▸ What to work on: Exactly as written, copy the lines of the data below from the first through the one containing "(simp_all add: n_def)".

▸ Data shown:
lemma chain_of_large_passage:
  assumes "finite (P \<inter> brick y x 0 t)" and "\<beta> \<ge> 0" and "\<gamma> \<ge> 0"
    and H: "\<beta> * sup_norm (x - y) powr \<gamma> \<le> real (Hpass P y x t)"
  defines "n \<equiv> nat \<lfloor>sup_norm (x - y)\<rfloor>"
  shows "has_chain (P \<inter> st_cube (\<chi> i. of_int \<lfloor>y $ i\<rfloor>) (real n + 2) t) (nat \<lceil>\<beta> * real n powr \<gamma>\<rceil>)"
proof -
  have n: "real n \<le> sup_norm (x - y)" "sup_norm (x - y) < real n + 1"
    using sup_norm_nonneg[of "x - y"] by (simp_all add: n_def)
  then have "\<beta> * real n powr \<gamma> \<le> real (Hpass P y x t)"
    using H assms(2,3) by (smt (verit) mult_left_mono powr_mono2 of_nat_0_le_iff)
  then have "nat \<lceil>\<beta> * real n powr \<gamma>\<rceil> \<le> Hpass P y x t"
    by (simp add: nat_le_iff ceiling_le_iff)
  then have "has_chain (P \<inter> brick y x 0 t) (nat \<lceil>\<beta> * real n powr \<gamma>\<rceil>)"
    using assms(1) by (rule has_chain_Hpass[rotated])
  then show ?thesis
    by (rule has_chain_mono) (use brick_subset_st_cube[OF n(2), of t] in blast)
qed

lemma summable_poly_times_exp_neg_powr:
  fixes a b c \<gamma> :: real
  assumes "a > 0" and "c > 0" and "\<gamma> > 0"
  shows "summable (\<lambda>n::nat. (a * real n + b) ^ D * exp (- c * real n powr \<gamma>))"
proof (rule summable_comparison_test_bigo)
  show "summable (\<lambda>n. norm (1 / real n ^ 2))"
    using inverse_power_summable[of 2, where 'a = real] by (simp add: inverse_eq_divide)
  show "(\<lambda>n. (a * real n + b) ^ D * exp (- c * real n powr \<gamma>)) \<in> O(\<lambda>n. 1 / real n ^ 2)"
    by (insert assms) real_asymp
qed
theorem lemma4p10:
  fixes V :: "'a set" and E :: "('a \<times> 'a) set" and k :: nat
    and P :: "nat \<Rightarrow> nat \<Rightarrow> 'a set" and Q :: "'a list set"
  assumes "finite V" and "E \<subseteq> V \<times> V"
    and "k2_partition V k P"
    and "path_system V E Q"
    and "sys_edges Q \<subseteq> bad_edges E k P"
    and "\<forall>i\<in>{1..k}.
           (\<Sum>j\<in>{1..k} - {i}. int (card (sys_edges Q \<inter> Eset E (rowset P k i) (colset P k j))))
         - (\<Sum>j\<in>{1..k} - {i}. int (card (sys_edges Q \<inter> Eset E (rowset P k j) (colset P k i))))
         = int (card (rowset P k i)) - int (card (colset P k i))"
  shows "contr_E V E Q \<subseteq> contr_V V Q \<times> contr_V V Q
       \<and> k2_partition (contr_V V Q) k (contr_part k P Q)
       \<and> (\<forall>i\<in>{1..k}. card (rowset (contr_part k P Q) k i) = card (colset (contr_part k P Q) k i))"
proof (intro conjI ballI)
  show "contr_E V E Q \<subseteq> contr_V V Q \<times> contr_V V Q"
    unfolding contr_E_def by blast
  show "k2_partition (contr_V V Q) k (contr_part k P Q)"
    using k2_partition_contr_part[OF assms(3) path_system_endpoints[OF assms(4)]] .
  fix i assume i: "i \<in> {1..k}"
  show "card (rowset (contr_part k P Q) k i) = card (colset (contr_part k P Q) k i)"
    using card_rowset_contr_part[OF assms(1,3,4,5) i] card_colset_contr_part[OF assms(1,3,4,5) i]
      bspec[OF assms(6) i]
    by (simp flip: of_nat_sum)
qed

end
lemma prod_Suc_image: "(\<Prod>i\<in>Suc ` A. t * Q ^ i) = Q ^ card A * (\<Prod>i\<in>A. t * Q ^ i)"
proof -
  have "(\<Prod>i\<in>Suc ` A. t * Q ^ i) = (\<Prod>i\<in>A. Q * (t * Q ^ i))"
    by (simp add: prod.reindex mult_ac)
  then show ?thesis
    by (simp add: prod.distrib)
qed

lemma prod_split_at:
  fixes D :: "nat set"
  assumes "finite D"
  shows "prod f D = prod f {i \<in> D. i < j} * (if j \<in> D then f j else 1) * prod f {i \<in> D. j < i}"
proof -
  have "D = {i \<in> D. i < j} \<union> (D \<inter> {j}) \<union> {i \<in> D. j < i}"
    by auto
  also have "prod f \<dots> = prod f {i \<in> D. i < j} * prod f (D \<inter> {j}) * prod f {i \<in> D. j < i}"
    using assms by (subst prod.union_disjoint; auto)+
  finally show ?thesis
    by (simp add: Int_insert_right)
qed

lemma prod_insert_descent:
  fixes D :: "nat set" and t Q :: "'a::comm_monoid_mult"
  assumes "finite D" "e \<le> 1"
  shows "(\<Prod>i \<in> {i \<in> D. i < j} \<union> {j + e} \<union> Suc ` {i \<in> D. j < i}. t * Q ^ i) =
    Q ^ e * Q ^ card {i \<in> D. j < i} * (if j \<in> D then 1 else t * Q ^ j) * (\<Prod>i\<in>D. t * Q ^ i)"
proof -
  have "j + e \<notin> {i \<in> D. i < j} \<union> Suc ` {i \<in> D. j < i}"
    using assms(2) by auto
  moreover have "{i \<in> D. i < j} \<inter> Suc ` {i \<in> D. j < i} = {}"
    by auto
  ultimately have "(\<Prod>i \<in> {i \<in> D. i < j} \<union> {j + e} \<union> Suc ` {i \<in> D. j < i}. t * Q ^ i) =
      t * Q ^ (j + e) * (\<Prod>i\<in>{i \<in> D. i < j}. t * Q ^ i) * (\<Prod>i\<in>Suc ` {i \<in> D. j < i}. t * Q ^ i)"
    using assms(1) by (simp add: prod.union_disjoint mult.assoc)
  then show ?thesis
    unfolding prod_split_at[OF assms(1), of "\<lambda>i. t * Q ^ i" j] prod_Suc_image
    by (simp add: power_add mult_ac)
qed
(* Let $H$ be a quasi-bialgebra, $A$ a left $H$-module algebra, $B$ a right $H$-module algebra and $\mathbb{A}$ an $H$-bicomodule algebra. Then $A\otimes B$, with multiplication $(a\otimes b)(a'\otimes b')=aa'\otimes bb'$ and actions $h\cdot(a\otimes b)\cdot h'=h\cdot a\otimes b\cdot h'$, is an $H$-bimodule algebra, and the map $\phi:(A\otimes B)\natural\mathbb{A}\to A\blacktriangleright\!\!<\mathbb{A}>\!\!\blacktriangleleft B$, $\phi((a\otimes b)\natural u)=a\blacktriangleright\!\!<u>\!\!\blacktriangleleft b$, is an algebra isomorphism.
   Context: Work over a field $k$. A quasi-bialgebra is $(H,\Delta,\varepsilon,\Phi)$ where $H$ is a unital associative algebra, $\Delta:H\to H\otimes H$ ($\Delta(h)=h_1\otimes h_2$) and $\varepsilon:H\to k$ are algebra maps, and $\Phi\in H^{\otimes 3}$ is invertible, such that $(id\otimes\Delta)\Delta(h)=\Phi(\Delta\otimes id)(\Delta(h))\Phi^{-1}$, $(id\otimes\varepsilon)\Delta(h)=h\otimes 1$, $(\varepsilon\otimes id)\Delta(h)=1\otimes h$, $(1\otimes\Phi)(id\otimes\Delta\otimes id)(\Phi)(\Phi\otimes 1)=(id\otimes id\otimes\Delta)(\Phi)(\Delta\otimes id\otimes id)(\Phi)$, $(id\otimes\varepsilon\otimes id)(\Phi)=1\otimes1\otimes1$. Write $\Phi=X^1\otimes X^2\otimes X^3$, $\Phi^{-1}=x^1\otimes x^2\otimes x^3$. A left $H$-module algebra is a left $H$-module $A$ with a unital multiplication with $(aa')a''=(X^1\cdot a)[(X^2\cdot a')(X^3\cdot a'')]$, $h\cdot(aa')=(h_1\cdot a)(h_2\cdot a')$, $h\cdot 1=\varepsilon(h)1$. A right $H$-module algebra is a right $H$-module $B$ with unital multiplication with $(bb')b''=(b\cdot x^1)[(b'\cdot x^2)(b''\cdot x^3)]$, $(bb')\cdot h=(b\cdot h_1)(b'\cdot h_2)$, $1\cdot h=\varepsilon(h)1$. An $H$-bimodule algebra is an $H$-bimodule $\mathcal{A}$ with unital multiplication such that $(\varphi\psi)\xi=(X^1\cdot\varphi\cdot x^1)[(X^2\cdot\psi\cdot x^2)(X^3\cdot\xi\cdot x^3)]$, $h\cdot(\varphi\psi)=(h_1\cdot\varphi)(h_2\cdot\psi)$, $(\varphi\psi)\cdot h=(\varphi\cdot h_1)(\psi\cdot h_2)$, $h\cdot1=1\cdot h=\varepsilon(h)1$. Left/right $H$-comodule algebras and $H$-bicomodule algebras $(\mathbb{A},\lambda,\rho,\Phi_\lambda,\Phi_\rho,\Phi_{\lambda,\rho})$ are as in the standard quasi-Hopf theory (Hausser–Nill): $\rho:\mathbb{A}\to\mathbb{A}\otimes H$, $\lambda:\mathbb{A}\to H\otimes\mathbb{A}$ algebra maps, $\Phi_\rho\in\mathbb{A}\otimes H\otimes H$, $\Phi_\lambda\in H\otimes H\otimes\mathbb{A}$, $\Phi_{\lambda,\rho}\in H\otimes\mathbb{A}\otimes H$ invertible, with $\Phi_\rho(\rho\otimes id)\rho(u)=(id\otimes\Delta)\rho(u)\Phi_\rho$, $(id\otimes\lambda)\lambda(u)\Phi_\lambda=\Phi_\lambda(\Delta\otimes id)\lambda(u)$, $\Phi_{\lambda,\rho}(\lambda\otimes id)\rho(u)=(id\otimes\rho)\lambda(u)\Phi_{\lambda,\rho}$, plus the pentagon-type and counit normalization conditions. Notation: $\rho(u)=u_{<0>}\otimes u_{<1>}$, $\lambda(u)=u_{[-1]}\otimes u_{[0]}$, $\Phi_\rho^{-1}=\tilde{x}^1_\rho\otimes\tilde{x}^2_\rho\otimes\tilde{x}^3_\rho$, $\Phi_\lambda^{-1}=\tilde{x}^1_\lambda\otimes\tilde{x}^2_\lambda\otimes\tilde{x}^3_\lambda$, $\Phi_{\lambda,\rho}^{-1}=\theta^1\otimes\theta^2\otimes\theta^3$. The L-R-smash product $\mathcal{A}\natural\mathbb{A}$ (for an $H$-bimodule algebra $\mathcal{A}$) is $\mathcal{A}\otimes\mathbb{A}$ with product $(\varphi\natural u)(\psi\natural u')=(\tilde{x}^1_{\lambda}\cdot\varphi\cdot\theta^3u'_{<1>}\tilde{x}^2_{\rho})(\tilde{x}^2_{\lambda}u_{[-1]}\theta^1\cdot\psi\cdot\tilde{x}^3_{\rho})\natural\tilde{x}^3_{\lambda}u_{[0]}\theta^2u'_{<0>}\tilde{x}^1_{\rho}$. The two-sided generalized smash product $A\blacktriangleright\!\!<\mathbb{A}>\!\!\blacktriangleleft B$ is $A\otimes\mathbb{A}\otimes B$ (elements $a\blacktriangleright\!\!<u>\!\!\blacktriangleleft b$) with the associative product $(a\blacktriangleright\!\!<u>\!\!\blacktriangleleft b)(a'\blacktriangleright\!\!<u'>\!\!\blacktriangleleft b')=(\tilde{x}^1_\lambda\cdot a)(\tilde{x}^2_\lambda u_{[-1]}\theta^1\cdot a')\blacktriangleright\!\!<\tilde{x}^3_\lambda u_{[0]}\theta^2u'_{<0>}\tilde{x}^1_\rho>\!\!\blacktriangleleft(b\cdot\theta^3u'_{<1>}\tilde{x}^2_\rho)(b'\cdot\tilde{x}^3_\rho)$. *)

theory Defs
  imports Main "HOL.Vector_Spaces" "HOL-Library.Function_Algebras"
begin

section \<open>Tensor products over a field k (concrete model)\<close>

text \<open>For k-vector spaces V, W (given by scalar multiplications s1, s2 on the types),
  the element sum_i v_i (x) w_i of V (x) W is modelled by the function
  (f,g) |-> sum_i f(v_i) g(w_i) on pairs of k-linear functionals.  Over a field
  this identifies V (x) W with the span of such functions (the canonical map
  V (x) W -> (V* x W* -> k) is injective).  Finite lists of pairs are the
  "Sweedler"-type representations sum_i v_i (x) w_i.\<close>

definition tens2 ::
  "('k::field \<Rightarrow> 'v::ab_group_add \<Rightarrow> 'v) \<Rightarrow> ('k \<Rightarrow> 'w::ab_group_add \<Rightarrow> 'w) \<Rightarrow>
   ('v \<times> 'w) list \<Rightarrow> ('v \<Rightarrow> 'k) \<Rightarrow> ('w \<Rightarrow> 'k) \<Rightarrow> 'k" where
  "tens2 s1 s2 xs = (\<lambda>f g.
     if Vector_Spaces.linear s1 (*) f \<and> Vector_Spaces.linear s2 (*) g
     then (\<Sum>(v,w)\<leftarrow>xs. f v * g w) else 0)"

definition tens3 ::
  "('k::field \<Rightarrow> 'v::ab_group_add \<Rightarrow> 'v) \<Rightarrow> ('k \<Rightarrow> 'w::ab_group_add \<Rightarrow> 'w) \<Rightarrow>
   ('k \<Rightarrow> 'z::ab_group_add \<Rightarrow> 'z) \<Rightarrow>
   ('v \<times> 'w \<times> 'z) list \<Rightarrow> ('v \<Rightarrow> 'k) \<Rightarrow> ('w \<Rightarrow> 'k) \<Rightarrow> ('z \<Rightarrow> 'k) \<Rightarrow> 'k" where
  "tens3 s1 s2 s3 xs = (\<lambda>f g h.
     if Vector_Spaces.linear s1 (*) f \<and> Vector_Spaces.linear s2 (*) g
        \<and> Vector_Spaces.linear s3 (*) h
     then (\<Sum>(v,w,z)\<leftarrow>xs. f v * g w * h z) else 0)"

definition tens4 ::
  "('k::field \<Rightarrow> 'v::ab_group_add \<Rightarrow> 'v) \<Rightarrow> ('k \<Rightarrow> 'w::ab_group_add \<Rightarrow> 'w) \<Rightarrow>
   ('k \<Rightarrow> 'z::ab_group_add \<Rightarrow> 'z) \<Rightarrow> ('k \<Rightarrow> 'y::ab_group_add \<Rightarrow> 'y) \<Rightarrow>
   ('v \<times> 'w \<times> 'z \<times> 'y) list \<Rightarrow>
   ('v \<Rightarrow> 'k) \<Rightarrow> ('w \<Rightarrow> 'k) \<Rightarrow> ('z \<Rightarrow> 'k) \<Rightarrow> ('y \<Rightarrow> 'k) \<Rightarrow> 'k" where
  "tens4 s1 s2 s3 s4 xs = (\<lambda>f g h l.
     if Vector_Spaces.linear s1 (*) f \<and> Vector_Spaces.linear s2 (*) g
        \<and> Vector_Spaces.linear s3 (*) h \<and> Vector_Spaces.linear s4 (*) l
     then (\<Sum>(v,w,z,y)\<leftarrow>xs. f v * g w * h z * l y) else 0)"

definition sc2 :: "'k::times \<Rightarrow> ('x \<Rightarrow> 'y \<Rightarrow> 'k) \<Rightarrow> ('x \<Rightarrow> 'y \<Rightarrow> 'k)" where
  "sc2 c T = (\<lambda>f g. c * T f g)"

definition sc3 :: "'k::times \<Rightarrow> ('x \<Rightarrow> 'y \<Rightarrow> 'z \<Rightarrow> 'k) \<Rightarrow> ('x \<Rightarrow> 'y \<Rightarrow> 'z \<Rightarrow> 'k)" where
  "sc3 c T = (\<lambda>f g h. c * T f g h)"

definition mul2 :: "('a::times \<times> 'b::times) list \<Rightarrow> ('a \<times> 'b) list \<Rightarrow> ('a \<times> 'b) list" where
  "mul2 xs ys = [(a * c, b * d). (a, b) \<leftarrow> xs, (c, d) \<leftarrow> ys]"

definition mul3 :: "('a::times \<times> 'b::times \<times> 'c::times) list \<Rightarrow> ('a \<times> 'b \<times> 'c) list
    \<Rightarrow> ('a \<times> 'b \<times> 'c) list" where
  "mul3 xs ys = [(a * a', b * b', c * c'). (a, b, c) \<leftarrow> xs, (a', b', c') \<leftarrow> ys]"

definition mul4 :: "('a::times \<times> 'b::times \<times> 'c::times \<times> 'd::times) list \<Rightarrow>
    ('a \<times> 'b \<times> 'c \<times> 'd) list \<Rightarrow> ('a \<times> 'b \<times> 'c \<times> 'd) list" where
  "mul4 xs ys = [(a * a', b * b', c * c', d * d'). (a, b, c, d) \<leftarrow> xs, (a', b', c', d') \<leftarrow> ys]"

▸ Exercise result:
lemma chain_of_large_passage:
  assumes "finite (P \<inter> brick y x 0 t)" and "\<beta> \<ge> 0" and "\<gamma> \<ge> 0"
    and H: "\<beta> * sup_norm (x - y) powr \<gamma> \<le> real (Hpass P y x t)"
  defines "n \<equiv> nat \<lfloor>sup_norm (x - y)\<rfloor>"
  shows "has_chain (P \<inter> st_cube (\<chi> i. of_int \<lfloor>y $ i\<rfloor>) (real n + 2) t) (nat \<lceil>\<beta> * real n powr \<gamma>\<rceil>)"
proof -
  have n: "real n \<le> sup_norm (x - y)" "sup_norm (x - y) < real n + 1"
    using sup_norm_nonneg[of "x - y"] by (simp_all add: n_def)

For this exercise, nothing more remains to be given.